§ EXERCISE REQUIREMENTS: From the line containing "A B \<longleftrightarrow>" down to the last line of the data, output each line word for word and include nothing else.

Segment Open

(* Let $n,m,p,T\in\mathbb{N}$ and $L\in[1,T]$. An input sequence $u_{[0,T-1]}\in\mathbb{R}^{mT}$ is universal for determining the $L$-restricted behavior (for systems with state dimension $n$, input dimension $m$, output dimension $p$) if and only if it is persistently exciting of order $n+L$.
   Context: For integers $a\le b$, $[a,b]=\{c\in\mathbb{Z}: a\le c\le b\}$. For $v:\mathbb{Z}_+\to\mathbb{R}^q$, $v_{[0,T-1]}=\begin{bmatrix}v(0)^\top & \cdots & v(T-1)^\top\end{bmatrix}^\top$. For $k\in[1,T]$ the Hankel matrix of depth $k$ is the $qk\times(T-k+1)$ block matrix $\mathcal{H}_k(v_{[0,T-1]})$ whose $(i,j)$ block ($i\in[0,k-1]$, $j\in[0,T-k]$) is $v(i+j)$. The sequence $v_{[0,T-1]}$ is persistently exciting of order $k$ if $k\le T$ and $\mathcal{H}_k(v_{[0,T-1]})$ has full row rank (if $k>T$ it is not persistently exciting of order $k$). Systems: $x(t+1)=Ax(t)+Bu(t)$, $y(t)=Cx(t)+Du(t)$ with $(A,B,C,D)\in\mathbb{R}^{n\times n}\times\mathbb{R}^{n\times m}\times\mathbb{R}^{p\times n}\times\mathbb{R}^{p\times m}$; $\mathcal{M}_{\rm cont}$ is the set of such quadruples with $(A,B)$ controllable. The input-output behavior $\mathfrak{B}(A,B,C,D)$ is the set of $(u,y):\mathbb{Z}_+\to\mathbb{R}^m\times\mathbb{R}^p$ for which some $x:\mathbb{Z}_+\to\mathbb{R}^n$ satisfies both equations; the $k$-restricted behavior is $\mathfrak{B}_k(A,B,C,D)=\{\begin{bmatrix}u_{[0,k-1]}\\ y_{[0,k-1]}\end{bmatrix} : (u,y)\in\mathfrak{B}(A,B,C,D)\}$. An input $u_{[0,T-1]}$ is universal for determining the $L$-restricted behavior if for every $(A,B,C,D)\in\mathcal{M}_{\rm cont}$ and every $y_{[0,T-1]}$ with $\begin{bmatrix}u_{[0,T-1]}\\ y_{[0,T-1]}\end{bmatrix}\in\mathfrak{B}_T(A,B,C,D)$ one has $\mathfrak{B}_L(A,B,C,D)=\operatorname{im}\begin{bmatrix}\mathcal{H}_L(u_{[0,T-1]})\\ \mathcal{H}_L(y_{[0,T-1]})\end{bmatrix}$. *)

theory Defs
  imports "Jordan_Normal_Form.DL_Rank"
begin

definition stack :: "nat \<Rightarrow> nat \<Rightarrow> (nat \<Rightarrow> real vec) \<Rightarrow> real vec" where
  "stack q k v = vec (q * k) (\<lambda>i. v (i div q) $ (i mod q))"

definition hankel :: "nat \<Rightarrow> nat \<Rightarrow> nat \<Rightarrow> (nat \<Rightarrow> real vec) \<Rightarrow> real mat" where
  "hankel q k T v = mat (q * k) (T - k + 1) (\<lambda>(r, c). v (r div q + c) $ (r mod q))"

definition full_row_rank :: "real mat \<Rightarrow> bool" where
  "full_row_rank M \<longleftrightarrow> vec_space.rank (dim_row M) M = dim_row M"

definition persistently_exciting :: "nat \<Rightarrow> nat \<Rightarrow> nat \<Rightarrow> (nat \<Rightarrow> real vec) \<Rightarrow> bool" where
  "persistently_exciting q T k v \<longleftrightarrow> k \<le> T \<and> full_row_rank (hankel q k T v)"

definition mat_image :: "real mat \<Rightarrow> real vec set" where
  "mat_image M = {M *\<^sub>v x | x. x \<in> carrier_vec (dim_col M)}"

definition ctrb_mat :: "nat \<Rightarrow> nat \<Rightarrow> real mat \<Rightarrow> real mat \<Rightarrow> real mat" where
  "ctrb_mat n m A B = mat n (n * m) (\<lambda>(i, j). ((A ^\<^sub>m (j div m)) * B) $$ (i, j mod m))"

definition controllable :: "nat \<Rightarrow> nat \<Rightarrow> real mat \<Rightarrow> real mat \<Rightarrow> bool" where
  "controllable n m A B \<longleftrightarrow> vec_space.rank n (ctrb_mat n m A B) = n"

definition M_cont :: "nat \<Rightarrow> nat \<Rightarrow> nat \<Rightarrow> (real mat \<times> real mat \<times> real mat \<times> real mat) set" where
  "M_cont n m p = {(A, B, C, D). A \<in> carrier_mat n n \<and> B \<in> carrier_mat n m \<and>
      C \<in> carrier_mat p n \<and> D \<in> carrier_mat p m \<and> controllable n m A B}"

definition behavior :: "nat \<Rightarrow> nat \<Rightarrow> nat \<Rightarrow> real mat \<Rightarrow> real mat \<Rightarrow> real mat \<Rightarrow> real mat
    \<Rightarrow> ((nat \<Rightarrow> real vec) \<times> (nat \<Rightarrow> real vec)) set" where
  "behavior n m p A B C D = {(u, y). (\<forall>t. u t \<in> carrier_vec m \<and> y t \<in> carrier_vec p) \<and>
      (\<exists>x. \<forall>t. x t \<in> carrier_vec n \<and> x (Suc t) = A *\<^sub>v x t + B *\<^sub>v u t \<and>
                y t = C *\<^sub>v x t + D *\<^sub>v u t)}"

definition restricted_behavior :: "nat \<Rightarrow> nat \<Rightarrow> nat \<Rightarrow> nat \<Rightarrow> real mat \<Rightarrow> real mat \<Rightarrow> real mat
    \<Rightarrow> real mat \<Rightarrow> real vec set" where
  "restricted_behavior n m p k A B C D =
     {stack m k u @\<^sub>v stack p k y | u y. (u, y) \<in> behavior n m p A B C D}"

Segment Closed

§ SOLUTION FOR THIS EXERCISE:
  "controllable n m A B \<longleftrightarrow> vec_space.rank n (ctrb_mat n m A B) = n"

definition M_cont :: "nat \<Rightarrow> nat \<Rightarrow> nat \<Rightarrow> (real mat \<times> real mat \<times> real mat \<times> real mat) set" where
  "M_cont n m p = {(A, B, C, D). A \<in> carrier_mat n n \<and> B \<in> carrier_mat n m \<and>
      C \<in> carrier_mat p n \<and> D \<in> carrier_mat p m \<and> controllable n m A B}"

definition behavior :: "nat \<Rightarrow> nat \<Rightarrow> nat \<Rightarrow> real mat \<Rightarrow> real mat \<Rightarrow> real mat \<Rightarrow> real mat
    \<Rightarrow> ((nat \<Rightarrow> real vec) \<times> (nat \<Rightarrow> real vec)) set" where
  "behavior n m p A B C D = {(u, y). (\<forall>t. u t \<in> carrier_vec m \<and> y t \<in> carrier_vec p) \<and>
      (\<exists>x. \<forall>t. x t \<in> carrier_vec n \<and> x (Suc t) = A *\<^sub>v x t + B *\<^sub>v u t \<and>
                y t = C *\<^sub>v x t + D *\<^sub>v u t)}"

definition restricted_behavior :: "nat \<Rightarrow> nat \<Rightarrow> nat \<Rightarrow> nat \<Rightarrow> real mat \<Rightarrow> real mat \<Rightarrow> real mat
    \<Rightarrow> real mat \<Rightarrow> real vec set" where
  "restricted_behavior n m p k A B C D =
     {stack m k u @\<^sub>v stack p k y | u y. (u, y) \<in> behavior n m p A B C D}"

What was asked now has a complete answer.